I attended my church’s pornography addiction program after debating it for several months (maybe even 6 months).  I was TERRIFIED to go!  Who would I see there?  What would they think of me?  Hah!  If only I knew that (a) everyone else thought the same thing the first time, and (b) we only care about each other and want the best for each other.  I finally talked a friend into going with me and was able to get the courage to go.  I enjoy it.  I think it’s good.  To be honest, I don’t think it’s “great” and I wish it were “great”.  I think the potential is there and just last night my wife said, “Well maybe they need someone like you who is willing to speak up to share with them what you think and how things could improve.”  It’s not much, I think the basics are there (12 step, group support, sharing, etc), but they don’t really encourage utilizing a sponsor.  There are some other things, but that’s the biggest for me.  Still, I continue to go and am able to help others and I continue to be helped as well, so I give it a thumbs up still.  Find a program to attend and go regularly.

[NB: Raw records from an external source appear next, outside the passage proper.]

(* Let $\{A_n\}_{n\geqslant 1}$ be i.i.d. nonnegative random variables with Laplace–Stieltjes transform $\alpha(s)=\mathbb{E}[e^{-sA_1}]$, and let $\{B_n\}_{n\geqslant 1}$ be i.i.d. exponentially distributed with rate $\mu>0$, independent of $\{A_n\}$. Let $W_1\geqslant 0$ be a random variable (possibly a constant) independent of $\{A_n\},\{B_n\}$ with finite mean, and let $W_{n+1}=\max\{0,\,B_{n+1}-A_n-W_n\}$ for $n\geqslant 1$. Then for every $n\geqslant 2$ and $k\geqslant 1$, $$\operatorname{cov}[W_n,W_{n+k}]=\frac{\mathbb{E}[W_n]}{\mu}\left(\mathbb{P}[W_n=0]+\frac12\right)\left(-\frac{\alpha(\mu)}{2}\right)^{k}.$$ Furthermore, if the conditional distribution of $W_1$ given $W_1>0$ is exponential with rate $\mu$, then the same formula holds also for $n=1$. *)

theory Defs
  imports "HOL-Probability.Probability"
begin

definition covariance :: "'a measure \<Rightarrow> ('a \<Rightarrow> real) \<Rightarrow> ('a \<Rightarrow> real) \<Rightarrow> real" where
  "covariance M X Y =
     (\<integral>x. (X x - (\<integral>y. X y \<partial>M)) * (Y x - (\<integral>y. Y y \<partial>M)) \<partial>M)"

definition driving_family ::
  "(nat \<Rightarrow> 'a \<Rightarrow> real) \<Rightarrow> (nat \<Rightarrow> 'a \<Rightarrow> real) \<Rightarrow> ('a \<Rightarrow> real) \<Rightarrow> nat + nat + unit \<Rightarrow> 'a \<Rightarrow> real" where
  "driving_family A B W1 i = (case i of Inl n \<Rightarrow> A n | Inr (Inl n) \<Rightarrow> B n | Inr (Inr _) \<Rightarrow> W1)"

end

theory Submission
  imports Defs
begin

text \<open>
  Put \<open>C = A m + W m \<ge> 0\<close>. As \<open>B (m + 1) \<sim> Exp(\<mu>)\<close> is independent of the past,
  memorylessness makes the conditional law of \<open>W (m + 1) = max 0 (B (m + 1) - C)\<close> the mixture of
  an atom at \<open>0\<close> with weight \<open>1 - exp (-\<mu> C)\<close> and \<open>Exp(\<mu>)\<close> with weight \<open>exp (-\<mu> C)\<close>;
  the factor \<open>exp (-\<mu> A m)\<close> is independent of the past and has mean \<open>\<alpha>(\<mu>)\<close>. Hence for
  weights \<open>V = v (W n)\<close> with \<open>n \<le> m\<close>
    \<open>E[V W (m + 1)] = \<alpha>/\<mu> E[V exp (-\<mu> W m)]\<close>  and
    \<open>E[V exp (-\<mu> W (m + 1))] = E[V] - \<alpha>/2 E[V exp (-\<mu> W m)]\<close>.
  Taking \<open>V = W n\<close> and \<open>V = 1\<close>, the defect \<open>d j = E[W n exp (-\<mu> W (n + j))] - E[W n] E[exp (-\<mu> W (n + j))]\<close>
  satisfies \<open>d (j + 1) = -\<alpha>/2 d j\<close>, and \<open>cov (W n) (W (n + k)) = \<alpha>/\<mu> d (k - 1)\<close>. Finally
  \<open>d 0\<close> is explicit because \<open>W n\<close> itself has such a mixture law: for \<open>n \<ge> 2\<close> by the above,
  for \<open>n = 1\<close> by the extra hypothesis.
\<close>

lemma (in prob_space) nn_integral_indep_var:
  assumes indep: "indep_var N Y N' Z" and f[measurable]: "f \<in> borel_measurable (N \<Otimes>\<^sub>M N')"
  shows "(\<integral>\<^sup>+x. f (Y x, Z x) \<partial>M) = (\<integral>\<^sup>+x. \<integral>\<^sup>+\<omega>. f (Y x, Z \<omega>) \<partial>M \<partial>M)"
proof -
  have [measurable]: "Y \<in> M \<rightarrow>\<^sub>M N" "Z \<in> M \<rightarrow>\<^sub>M N'"
    and joint: "distr M N Y \<Otimes>\<^sub>M distr M N' Z = distr M (N \<Otimes>\<^sub>M N') (\<lambda>x. (Y x, Z x))"
    using indep unfolding indep_var_distribution_eq by auto
  interpret Z: prob_space "distr M N' Z" by (rule prob_space_distr) simp
  have "(\<integral>\<^sup>+x. f (Y x, Z x) \<partial>M) = (\<integral>\<^sup>+p. f p \<partial>(distr M N Y \<Otimes>\<^sub>M distr M N' Z))"
    by (simp add: joint nn_integral_distr)
  also have "\<dots> = (\<integral>\<^sup>+y. \<integral>\<^sup>+z. f (y, z) \<partial>distr M N' Z \<partial>distr M N Y)"
    by (rule Z.nn_integral_fst[symmetric]) simp
  also have "\<dots> = (\<integral>\<^sup>+x. \<integral>\<^sup>+z. f (Y x, z) \<partial>distr M N' Z \<partial>M)"
    by (simp add: nn_integral_distr)
  also have "\<dots> = (\<integral>\<^sup>+x. \<integral>\<^sup>+\<omega>. f (Y x, Z \<omega>) \<partial>M \<partial>M)"
    by (intro nn_integral_cong) (simp add: nn_integral_distr measurable_space[of Y M N])
  finally show ?thesis .
qed

lemma integrable_mult_bounded:
  fixes f g :: "'a \<Rightarrow> real"
  assumes "integrable M f" "g \<in> borel_measurable M" "AE x in M. \<bar>g x\<bar> \<le> C"
  shows "integrable M (\<lambda>x. f x * g x)"
proof (rule Bochner_Integration.integrable_bound)
  show "integrable M (\<lambda>x. C * f x)"
    using assms(1) by simp
  show "AE x in M. norm (f x * g x) \<le> norm (C * f x)"
    using assms(3)
  proof eventually_elim
    case (elim x)
    then have "\<bar>f x\<bar> * \<bar>g x\<bar> \<le> \<bar>f x\<bar> * C" "0 \<le> C"
      by (auto intro: mult_left_mono)
    then show ?case
      by (simp add: abs_mult mult.commute)
  qed
qed (use assms(1,2) in measurable)

lemma (in prob_space) covariance_eq:
  fixes X Y :: "'a \<Rightarrow> real"
  assumes "integrable M X" "integrable M Y" "integrable M (\<lambda>x. X x * Y x)"
  shows "covariance M X Y = (\<integral>x. X x * Y x \<partial>M) - (\<integral>x. X x \<partial>M) * (\<integral>x. Y x \<partial>M)"
proof -
  define a b where "a = (\<integral>x. X x \<partial>M)" and "b = (\<integral>x. Y x \<partial>M)"
  have "covariance M X Y = (\<integral>x. X x * Y x - b * X x - a * Y x + a * b \<partial>M)"
    unfolding covariance_def a_def[symmetric] b_def[symmetric] by (simp add: algebra_simps)
  also have "\<dots> = (\<integral>x. X x * Y x \<partial>M) - b * a - a * b + a * b"
    using assms by (simp add: a_def b_def prob_space)
  finally show ?thesis by (simp add: a_def b_def)
qed

section \<open>Integrals against the exponential density\<close>

definition exponential_expectation :: "real \<Rightarrow> (real \<Rightarrow> ennreal) \<Rightarrow> ennreal" where
  "exponential_expectation \<mu> h = (\<integral>\<^sup>+b. ennreal (exponential_density \<mu> b) * h b \<partial>lborel)"

lemma exponential_expectation_max_shift:
  assumes "0 < \<mu>" "0 \<le> c" and h[measurable]: "h \<in> borel_measurable borel"
  shows "exponential_expectation \<mu> (\<lambda>b. h (max 0 (b - c)))
       = ennreal (1 - exp (-\<mu> * c)) * h 0 + ennreal (exp (-\<mu> * c)) * exponential_expectation \<mu> h"
proof -
  let ?e = "\<lambda>b. ennreal (exponential_density \<mu> b)"
  have split: "?e b * h (max 0 (b - c)) = h 0 * (?e b * indicator {..<c} b) + ?e b * h (b - c) * indicator {c..} b" for b
    by (auto simp: indicator_def mult.commute)
  have "(\<integral>\<^sup>+b. ?e b * indicator {..<c} b \<partial>lborel) = (\<integral>\<^sup>+b. ?e b * indicator {..c} b \<partial>lborel)"
    using AE_lborel_singleton[of c] by (intro nn_integral_cong_AE) (auto elim!: eventually_mono simp: indicator_def)
  also have "\<dots> = ennreal (1 - exp (-\<mu> * c))"
    using assms by (simp add: nn_integral_erlang_density erlang_CDF_0)
  finally have below: "(\<integral>\<^sup>+b. ?e b * indicator {..<c} b \<partial>lborel) = ennreal (1 - exp (-\<mu> * c))" .
  \<comment> \<open>memorylessness: on \<open>[0, \<infinity>)\<close> the density at \<open>c + s\<close> is \<open>exp (-\<mu> c)\<close> times the density at \<open>s\<close>\<close>
  have shift: "?e (c + s) * h s * indicator {c..} (c + s) = ennreal (exp (-\<mu> * c)) * (?e s * h s)" for s
    using \<open>0 \<le> c\<close> by (cases "s < 0") (auto simp: exponential_density_def indicator_def exp_add[symmetric]
        algebra_simps ennreal_mult'[symmetric])
  have "(\<integral>\<^sup>+b. ?e b * h (b - c) * indicator {c..} b \<partial>lborel)
      = (\<integral>\<^sup>+s. ?e (c + s) * h s * indicator {c..} (c + s) \<partial>lborel)"
    by (subst lborel_distr_plus[of c, symmetric]) (simp add: nn_integral_distr)
  also have "\<dots> = ennreal (exp (-\<mu> * c)) * exponential_expectation \<mu> h"
    unfolding shift exponential_expectation_def by (rule nn_integral_cmult) simp
  finally have above: "(\<integral>\<^sup>+b. ?e b * h (b - c) * indicator {c..} b \<partial>lborel)
      = ennreal (exp (-\<mu> * c)) * exponential_expectation \<mu> h" .
  have "exponential_expectation \<mu> (\<lambda>b. h (max 0 (b - c)))
      = (\<integral>\<^sup>+b. h 0 * (?e b * indicator {..<c} b) \<partial>lborel) + (\<integral>\<^sup>+b. ?e b * h (b - c) * indicator {c..} b \<partial>lborel)"
    unfolding exponential_expectation_def split by (rule nn_integral_add) auto
  also have "\<dots> = h 0 * ennreal (1 - exp (-\<mu> * c)) + ennreal (exp (-\<mu> * c)) * exponential_expectation \<mu> h"
    unfolding above below[symmetric] by (subst nn_integral_cmult) auto
  finally show ?thesis by (simp add: mult.commute)
qed

lemma exponential_expectation_eq_0:
  assumes "\<And>b. 0 < b \<Longrightarrow> h b = 0"
  shows "exponential_expectation \<mu> h = 0"
proof -
  have "AE b in lborel. ennreal (exponential_density \<mu> b) * h b = 0"
    using AE_lborel_singleton[of 0] by eventually_elim (auto simp: exponential_density_def assms)
  from nn_integral_cong_AE[OF this] show ?thesis
    unfolding exponential_expectation_def by simp
qed

lemma exponential_expectation_id:
  assumes "0 < \<mu>"
  shows "exponential_expectation \<mu> ennreal = ennreal (1 / \<mu>)"
proof -
  have "ennreal (exponential_density \<mu> b) * ennreal b = ennreal (exponential_density \<mu> b * b ^ 1)" for b
    by (cases "b < 0") (auto simp: exponential_density_def ennreal_mult''[symmetric] ennreal_neg)
  then show ?thesis
    using nn_integral_erlang_ith_moment[of \<mu> 0 1] assms
    by (simp add: exponential_expectation_def divide_ennreal)
qed

lemma exponential_density_mult_exp:
  "0 < \<mu> \<Longrightarrow> exponential_density \<mu> b * exp (-\<mu> * b) = exponential_density (2 * \<mu>) b / 2"
  by (simp add: exponential_density_def exp_add[symmetric] algebra_simps)

lemma exponential_expectation_exp:
  assumes "0 < \<mu>"
  shows "exponential_expectation \<mu> (\<lambda>b. ennreal (exp (-\<mu> * b))) = ennreal (1 / 2)"
proof -
  interpret prob_space "density lborel (exponential_density (2 * \<mu>))"
    using assms by (intro prob_space_exponential_density) simp
  have "exponential_expectation \<mu> (\<lambda>b. ennreal (exp (-\<mu> * b)))
      = (\<integral>\<^sup>+b. ennreal (1 / 2) * ennreal (exponential_density (2 * \<mu>) b) \<partial>lborel)"
    unfolding exponential_expectation_def
  proof (intro nn_integral_cong)
    fix b :: real
    have "exponential_density \<mu> b * exp (-\<mu> * b) = 1 / 2 * exponential_density (2 * \<mu>) b"
      using exponential_density_mult_exp[OF assms] by simp
    then show "ennreal (exponential_density \<mu> b) * ennreal (exp (-\<mu> * b))
             = ennreal (1 / 2) * ennreal (exponential_density (2 * \<mu>) b)"
      by (metis ennreal_mult' ennreal_mult'' exp_ge_zero zero_le_divide_1_iff zero_le_numeral)
  qed
  also have "\<dots> = ennreal (1 / 2) * emeasure (density lborel (exponential_density (2 * \<mu>))) UNIV"
    by (simp add: nn_integral_cmult emeasure_density)
  finally show ?thesis by (simp add: emeasure_space_1[simplified])
qed

lemma exponential_expectation_mult_exp:
  assumes "0 < \<mu>"
  shows "exponential_expectation \<mu> (\<lambda>b. ennreal (b * exp (-\<mu> * b))) = ennreal (1 / (4 * \<mu>))"
proof -
  have "exponential_expectation \<mu> (\<lambda>b. ennreal (b * exp (-\<mu> * b)))
      = (\<integral>\<^sup>+b. ennreal (1 / 2) * ennreal (exponential_density (2 * \<mu>) b * b ^ 1) \<partial>lborel)"
    unfolding exponential_expectation_def
  proof (intro nn_integral_cong)
    fix b :: real
    show "ennreal (exponential_density \<mu> b) * ennreal (b * exp (-\<mu> * b))
        = ennreal (1 / 2) * ennreal (exponential_density (2 * \<mu>) b * b ^ 1)"
    proof (cases "b < 0")
      case False
      then have "exponential_density \<mu> b * (b * exp (-\<mu> * b)) = 1 / 2 * (exponential_density (2 * \<mu>) b * b ^ 1)"
        using exponential_density_mult_exp[OF assms, of b] by simp
      then show ?thesis
        using False by (metis ennreal_mult' ennreal_mult'' exp_ge_zero mult_nonneg_nonneg
            not_less zero_le_divide_1_iff zero_le_numeral)
    qed (simp add: exponential_density_def ennreal_neg)
  qed
  also have "\<dots> = ennreal (1 / 2) * ennreal (1 / (2 * \<mu>))"
    using nn_integral_erlang_ith_moment[of "2 * \<mu>" 0 1] assms by (subst nn_integral_cmult) auto
  also have "\<dots> = ennreal (1 / (4 * \<mu>))"
    by (subst ennreal_mult'[symmetric]) simp_all
  finally show ?thesis .
qed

My church has what I would call an abridged version of the AA 12 step program. It includes specific to my church quotes and scriptural references for help, but all in all, I think it’s a great book and frankly speaking I believe that anyone (religious or not) would benefit from it.  The key is to WORK the program and especially to write your answers in the space provided for each question.  There is an “action” section at the end of each step that asks you to answer several pages of questions.  This is INCREDIBLY helpful, and healing.

My mother gave me my copy of “Every Man’s Battle” as she had heard it discussed on a radio program and wanted to do anything she could to help me.  I love the support my parents have given me in my journey.  I would give this a B rating.  It’s a good read and gave me a few tools but in general I don’t know that it really had anything that would lead to recovery in it.  I also can’t say that I agreed with some of the advice in the book.  This is a take it or leave it recommendation, I’m just being thorough.

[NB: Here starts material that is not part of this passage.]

(* Let $P$ be the transition matrix of a reducible classical Markov chain on a countable state space $\Lambda$, and consider the associated OQRW with $\mathcal H=\mathbb C$, $\mathcal K=\ell^2(\Lambda)$, $B^i_j=\sqrt{P(j,i)}U^i_j$ ($|U^i_j|=1$). Then there exists an initial probability measure $\rho^{(0)}$ on $\Lambda$ such that the QMC $(\rho^{(0)},(\mathcal E^{(n)})_{n\ge0})$ associated with this OQRW is reducible.
   Context: A stochastic matrix $P$ has nonnegative entries with $\sum_jP(i,j)=1$. $i\to j$ means $P^n(i,j)>0$ for some $n\in\mathbb N$; the chain is irreducible if $i\to j$ and $j\to i$ for all $i,j\in\Lambda$, and reducible otherwise. States of $\mathcal B$ are probability measures $\rho=(\rho_i)$ identified with $\sum_i\rho_i|i\rangle\langle i|$. The OQRW: $\mathcal M(\rho)=\sum_i(\sum_jB^i_j\rho_j\overline{B^i_j})|i\rangle\langle i|$, $\rho^{(n)}=\mathcal M^n(\rho^{(0)})$, $\Lambda(\rho^{(n)})=\{i:\rho^{(n)}_i\ne0\}$, $M^i_j=B^i_j|i\rangle\langle j|$. $\mathcal B$ is the commutative algebra of bounded diagonal operators $x=\sum_jx_j|j\rangle\langle j|$ on $\ell^2(\Lambda)$, $\mathcal A=\bigotimes_{k\in\mathbb Z_+}\mathcal B$. Transition expectations: $\mathcal E^{(n)}(x\otimes y)=\sum_{j\in\Lambda(\rho^{(n)})}\sum_i\frac{\mathrm{Tr}((\rho^{(n)}_j|j\rangle\langle j|)x)}{\rho^{(n)}_j}{M^i_j}^*yM^i_j$ (equivalently $\mathcal E^{(n)}(x\otimes y)=P_{\rho^{(n)}}xPy$ with $P_{\rho^{(n)}}$ the indicator of the support of $\rho^{(n)}$ and $(Py)_j=\sum_iP(j,i)y_i$). $\bar b(n)$ is the strong limit as $k\to\infty$ of $\mathcal E^{(n)}(I\otimes\cdots\otimes\mathcal E^{(n+k)}(I\otimes I))$; $E_{0]}(a_0\otimes\cdots\otimes a_n\otimes I\otimes\cdots)=\mathcal E^{(0)}(a_0\otimes\cdots\otimes\mathcal E^{(n)}(a_n\otimes\bar b(n+1)))$, extended to $\mathcal A$ by limits. The QMC is reducible if there exist a projection $p\in\mathcal B$, $p\ne0,I$, and $n_0$ with $E_{0]}(p_{[n_0}ap_{[n_0})=E_{0]}(a)$ for all $a\in\mathcal A$, where $p_{[n}=I\otimes\cdots\otimes I\otimes p\otimes p\otimes\cdots$ ($p$ from the $n$-th position on); otherwise irreducible. *)

theory Defs
  imports "HOL-Analysis.Analysis"
begin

One of the last books on the list is “Putting on the Armor of God.”  Interestingly enough this was the first book I read in the list.  The part of my journey that this book played was in reinforcing the reality that there is an unseen enemy that has the ability to influence our thoughts.  Most religions would refer to this as the devil or lucifer.  I don’t know how else to refer to him and his followers other than “the enemy”.  There is a real battle going on and we need to be prepared to fight it.  I don’t want to over dramatize this (this is not Hollywood in other words).  I just want to say that not all thoughts that come into our heads are ours and that can be helpful in recognizing that we are not “bad people”.  We are simply sick people who need treatment and help from others.  It is a battle, but when properly armed and trained, we can fight and win it!   I was blown away when I read this book to recognize some of the key phrases that the enemy whispers to us in our moments of weakness.  I had heard almost all of them.  It was reassuring to know they were not my personal thoughts and that I was not alone in having them.  It helps to put them into perspective.

Finally I included the Bible and in my case also the Book of Mormon.  Reading the scriptures gave me strength in my daily battles.  It made things easier.  However, it was not by itself, enough to help me defeat my addiction and find recovery.  I needed multiple things.  But I would be remiss in not including the power of reading scripture each day.

Non book items I included were writing in my journal (I touch on the power of writing when I talk about the Addiction Recovery Program manual above) and meditating (I like yoga and prayer).  I will reiterate it here because I think it is so valuable.  Learning to express yourself, even if you’re angry, frustrated, lonely, sad, happy, joyful, relieved, at peace, etc., is a fantastic way to help with the healing aspect of your journey.  It also helps you identify your growth and improvement.  Sometimes it’s hard for me to look back and hear the addict talking instead of the person I am today.  But it gives me hope and strength to know that I can change.  And if I can change, I promise — so can you!